Question

The least value of $a$ for which the equation $\frac{4}{sinx}+\frac{1}{1-sinx}=a$ has at least one solution in the interval $(0,\pi /2)$ is

• A. $9$
• B. $3$
• C. $0$
• D. $\pi /2$

Answer 1

Answer: (A)

$9$

Given:$\left(\frac{4}{\sin x}+\frac{1}{1-\sin x}\right)$

Differentiate the given equation with respect to x.

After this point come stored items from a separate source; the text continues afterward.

definition unit_service_array ::
    "('i \<times> 'j) set \<Rightarrow> ('i \<Rightarrow> 'j \<Rightarrow> real) \<Rightarrow> 'j \<Rightarrow> 'i \<Rightarrow> real^'j::finite^'i::finite \<Rightarrow> bool" where
  "unit_service_array E \<mu> jhat i x \<longleftrightarrow>
     in_RG E x \<and> service \<mu> x = axis i 1 \<and> (\<exists>s>0. col_sums x = s *\<^sub>R axis jhat 1)"

definition null_service_array ::
    "('i \<times> 'j) set \<Rightarrow> ('i \<Rightarrow> 'j \<Rightarrow> real) \<Rightarrow> 'j \<Rightarrow> 'j \<Rightarrow> real^'j::finite^'i::finite \<Rightarrow> bool" where
  "null_service_array E \<mu> jhat j x \<longleftrightarrow>
     in_RG E x \<and> service \<mu> x = 0 \<and> (\<exists>s>0. col_sums x = axis j 1 - s *\<^sub>R axis jhat 1)"

lemma null_service_array_zero: "null_service_array E \<mu> jhat jhat 0"
  unfolding null_service_array_def in_RG_def service_def col_sums_def
  by (auto simp: vec_eq_iff intro!: exI[of _ 1])

lemma unit_service_array_along_edge:
  assumes "(i, j) \<in> E" "\<mu> i j > 0" "null_service_array E \<mu> jhat j x"
  shows "unit_service_array E \<mu> jhat i (inverse (\<mu> i j) *\<^sub>R (axis i (axis j 1) - x))"
proof -
  obtain s where "s > 0" "col_sums x = axis j 1 - s *\<^sub>R axis jhat 1"
    using assms(3) unfolding null_service_array_def by blast
  hence "col_sums (inverse (\<mu> i j) *\<^sub>R (axis i (axis j 1) - x)) = (s / \<mu> i j) *\<^sub>R axis jhat 1"
    "s / \<mu> i j > 0"
    using assms(2) by (simp_all add: col_sums_scaleR col_sums_diff col_sums_axis_axis divide_inverse)
  thus ?thesis
    using assms unfolding unit_service_array_def null_service_array_def
    by (auto simp: in_RG_scaleR in_RG_diff in_RG_axis_axis service_scaleR service_diff service_axis_axis)
qed

lemma null_service_array_along_edge:
  assumes "(i, j) \<in> E" "\<mu> i j > 0" "unit_service_array E \<mu> jhat i x"
  shows "null_service_array E \<mu> jhat j (axis i (axis j 1) - \<mu> i j *\<^sub>R x)"
proof -
  obtain s where "s > 0" "col_sums x = s *\<^sub>R axis jhat 1"
    using assms(3) unfolding unit_service_array_def by blast
  hence "col_sums (axis i (axis j 1) - \<mu> i j *\<^sub>R x) = axis j 1 - (\<mu> i j * s) *\<^sub>R axis jhat 1"
    "\<mu> i j * s > 0"
    using assms(2) by (simp_all add: col_sums_scaleR col_sums_diff col_sums_axis_axis)
  thus ?thesis
    using assms unfolding unit_service_array_def null_service_array_def
    by (auto simp: in_RG_scaleR in_RG_diff in_RG_axis_axis service_scaleR service_diff service_axis_axis)
qed

lemma service_arrays_exist:
  assumes conn: "bip_connected E" and mu_pos: "\<And>i j. (i, j) \<in> E \<Longrightarrow> \<mu> i j > 0"
  shows "\<exists>x. unit_service_array E \<mu> jhat i x" and "\<exists>x. null_service_array E \<mu> jhat j x"
proof -
  define P where "P v \<longleftrightarrow> (case v of
      Inl i \<Rightarrow> \<exists>x. unit_service_array E \<mu> jhat i x
    | Inr j \<Rightarrow> \<exists>x. null_service_array E \<mu> jhat j x)" for v
  have "P v" for v
  proof -
    have "(v, Inr jhat) \<in> {(a, b). bip_adj E a b}\<^sup>*"
      using conn unfolding bip_connected_def by blast
    thus ?thesis
    proof (induction rule: converse_rtrancl_induct)
      case base
      show ?case unfolding P_def using null_service_array_zero by auto
    next
      case (step v w)
      then obtain i j where ij: "(i, j) \<in> E" "v = Inl i \<and> w = Inr j \<or> v = Inr j \<and> w = Inl i"
        unfolding bip_adj_def by blast
      with step.IH show ?case
        unfolding P_def
        using unit_service_array_along_edge[of i j E \<mu>, OF ij(1) mu_pos[OF ij(1)]]
          null_service_array_along_edge[of i j E \<mu>, OF ij(1) mu_pos[OF ij(1)]]
        by auto blast+
    qed
  qed
  from this[of "Inl i"] this[of "Inr j"]
  show "\<exists>x. unit_service_array E \<mu> jhat i x" and "\<exists>x. null_service_array E \<mu> jhat j x"
    unfolding P_def by simp_all
qed

locale tree_network =
  fixes E :: "('i::finite \<times> 'j::finite) set" and \<mu> :: "'i \<Rightarrow> 'j \<Rightarrow> real" and jhat :: 'j
    and B1 :: "real^'i^'i" and B2 :: "real^'j^'i"
  assumes tree: "bip_tree E"
    and mu_pos: "\<And>i j. (i, j) \<in> E \<Longrightarrow> \<mu> i j > 0"
    and B2_col: "\<And>i. B2 $ i $ jhat = 0"
    and B_def: "\<And>\<alpha> \<beta> i. inD \<alpha> \<beta> \<Longrightarrow>
        (\<Sum>j\<in>{j. (i, j) \<in> E}. \<mu> i j * Psi E \<alpha> \<beta> $ i $ j) = (B1 *v \<alpha> + B2 *v \<beta>) $ i"
begin

lemma bip_connected_E: "bip_connected E"
  using tree unfolding bip_tree_def by blast

lemma service_eq_B:
  assumes x: "in_RG E x"
  shows "service \<mu> x = B1 *v row_sums x + B2 *v col_sums x"
proof -
  have "(\<Sum>j\<in>UNIV. \<mu> i j * x $ i $ j) = (\<Sum>j\<in>{j. (i, j) \<in> E}. \<mu> i j * x $ i $ j)" for i
    by (rule sum.mono_neutral_right) (use x in \<open>auto simp: in_RG_def\<close>)
  also have "\<dots> i = (B1 *v row_sums x + B2 *v col_sums x) $ i" for i
    using B_def[OF inD_row_sums_col_sums, of i x] by (simp add: Psi_row_sums_col_sums[OF tree x])
  finally show ?thesis by (simp add: service_def vec_eq_iff)
qed

lemma B2_axis_jhat: "B2 *v axis jhat 1 = 0"
  by (simp add: matrix_vector_mult_basis column_def B2_col vec_eq_iff)

lemma invertible_B1: "invertible B1"
proof (rule invertible_if_axes_in_range)
  fix i
  obtain x where x: "unit_service_array E \<mu> jhat i x"
    using service_arrays_exist(1)[of E \<mu>, OF bip_connected_E mu_pos] by blast
  then obtain s where "in_RG E x" "service \<mu> x = axis i 1" "col_sums x = s *\<^sub>R axis jhat 1"
    unfolding unit_service_array_def by blast
  hence "B1 *v row_sums x = axis i 1"
    using service_eq_B by (simp add: matrix_vector_mult_scaleR B2_axis_jhat)
  thus "\<exists>v. B1 *v v = axis i 1" ..
qed

lemma column_sum_pos: "0 < 1 + (\<Sum>i\<in>UNIV. (matrix_inv B1 ** B2) $ i $ j)"
proof -
  obtain x where x: "null_service_array E \<mu> jhat j x"
    using service_arrays_exist(2)[of E \<mu>, OF bip_connected_E mu_pos] by blast
  then obtain s where s: "s > 0" and "in_RG E x" "service \<mu> x = 0"
    and col: "col_sums x = axis j 1 - s *\<^sub>R axis jhat 1"
    unfolding null_service_array_def by blast
  hence "B1 *v row_sums x + B2 *v axis j 1 = 0"
    using service_eq_B
    by (simp add: matrix_vector_mult_diff_distrib matrix_vector_mult_scaleR B2_axis_jhat)
  hence "matrix_inv B1 *v (B1 *v row_sums x + B2 *v axis j 1) = 0" by simp
  hence "row_sums x + (matrix_inv B1 ** B2) *v axis j 1 = 0"
    by (simp add: matrix_vector_right_distrib matrix_vector_mul_assoc matrix_inv_left[OF invertible_B1])
  hence "(matrix_inv B1 ** B2) $ i $ j = - row_sums x $ i" for i
    by (simp add: matrix_vector_mult_basis column_def vec_eq_iff eq_neg_iff_add_eq_0 add.commute)
  hence "(\<Sum>i\<in>UNIV. (matrix_inv B1 ** B2) $ i $ j) = - (\<Sum>k\<in>UNIV. col_sums x $ k)"
    by (simp add: sum_negf sum_row_sums_eq_sum_col_sums)
  also have "(\<Sum>k\<in>UNIV. col_sums x $ k) = 1 - s"
    by (simp add: col sum_subtractf axis_def sum_distrib_left[symmetric])
  finally show ?thesis using s by simp
qed
end

theorem lemma2:
  fixes E :: "('i::finite \<times> 'j::finite) set"
    and \<mu> :: "'i \<Rightarrow> 'j \<Rightarrow> real"
    and ihat :: 'i and jhat :: 'j
    and B1 :: "real^'i^'i" and B2 :: "real^'j^'i"
  assumes tree: "bip_tree E"
    and mu_pos: "\<And>i j. (i, j) \<in> E \<Longrightarrow> \<mu> i j > 0"
    and edge: "(ihat, jhat) \<in> E"
    and B2_col: "\<And>i. B2 $ i $ jhat = 0"
    and B_def: "\<And>\<alpha> \<beta> i. inD \<alpha> \<beta> \<Longrightarrow>
        (\<Sum>j\<in>{j. (i, j) \<in> E}. \<mu> i j * Psi E \<alpha> \<beta> $ i $ j) = (B1 *v \<alpha> + B2 *v \<beta>) $ i"
  shows "(INF u\<in>simplexJ. 1 + (\<Sum>i\<in>UNIV. (matrix_inv B1 *v (B2 *v u)) $ i)) > 0"
proof -
  interpret tree_network E \<mu> jhat B1 B2
    using tree mu_pos B2_col B_def by unfold_locales
  have "0 < (INF u\<in>simplexJ. 1 + (\<Sum>i\<in>UNIV. ((matrix_inv B1 ** B2) *v u) $ i))"
    by (rule INF_simplex_pos[OF column_sum_pos])
  thus ?thesis by (simp add: matrix_vector_mul_assoc)
qed

end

$\frac{d}{dx}\left(\frac{4}{\sin x}+\frac{1}{1-\sin x}\right)=\frac{da}{dx}$

$\frac{da}{dx}=\left[\frac{-4}{{\sin }^{2}x}+\frac{1}{{\left(1-\sin x\right)}^2}\right]\cos x$

Equate the first derivative of the function to 0

$\frac{da}{dx}=0$

$\left[\frac{-4}{{\sin }^{2}x}+\frac{1}{{\left(1-\sin x\right)}^2}\right]\cos x=0$

$\frac{-4}{{\sin }^{2}x}+\frac{1}{{\left(1-\sin x\right)}^2}=0$

$\frac{4}{{\sin }^{2}x}=\frac{1}{{\left(1-\sin x\right)}^2}$

${\left(2\left(1-\sin x\right)\right)}^2={\sin }^{2}x$

$2\left(1-\sin x\right)=\sin x$

$2-2\sin x=\sin x$

$\sin x=\frac{2}{3}$

Double differentiate the given function with respect to x

$\frac{d^{2}a}{d{x}^2}=\left(\frac{-4}{{\sin }^{2}x}+\frac{1}{{\left(1-\sin x\right)}^2}\right)\left(-\sin x\right)+\cos x\left(8{\sin }^{2}x+2\left(1-\sin x\right)\cos x\right)$

Substitute the critical value in double derivative and find out whether it is less than or greater than 0.

$\frac{d^{2}a}{d{x}^2}⩾0$

Since double derivative is greater than 0.

Substitute the value in the given function to find the value of minima.

$a=\frac{4}{\sin x}+\frac{1}{1-\sin x}$

$=\frac{4}{2/3}+\frac{1}{1-2/3}$

$=6+3=9$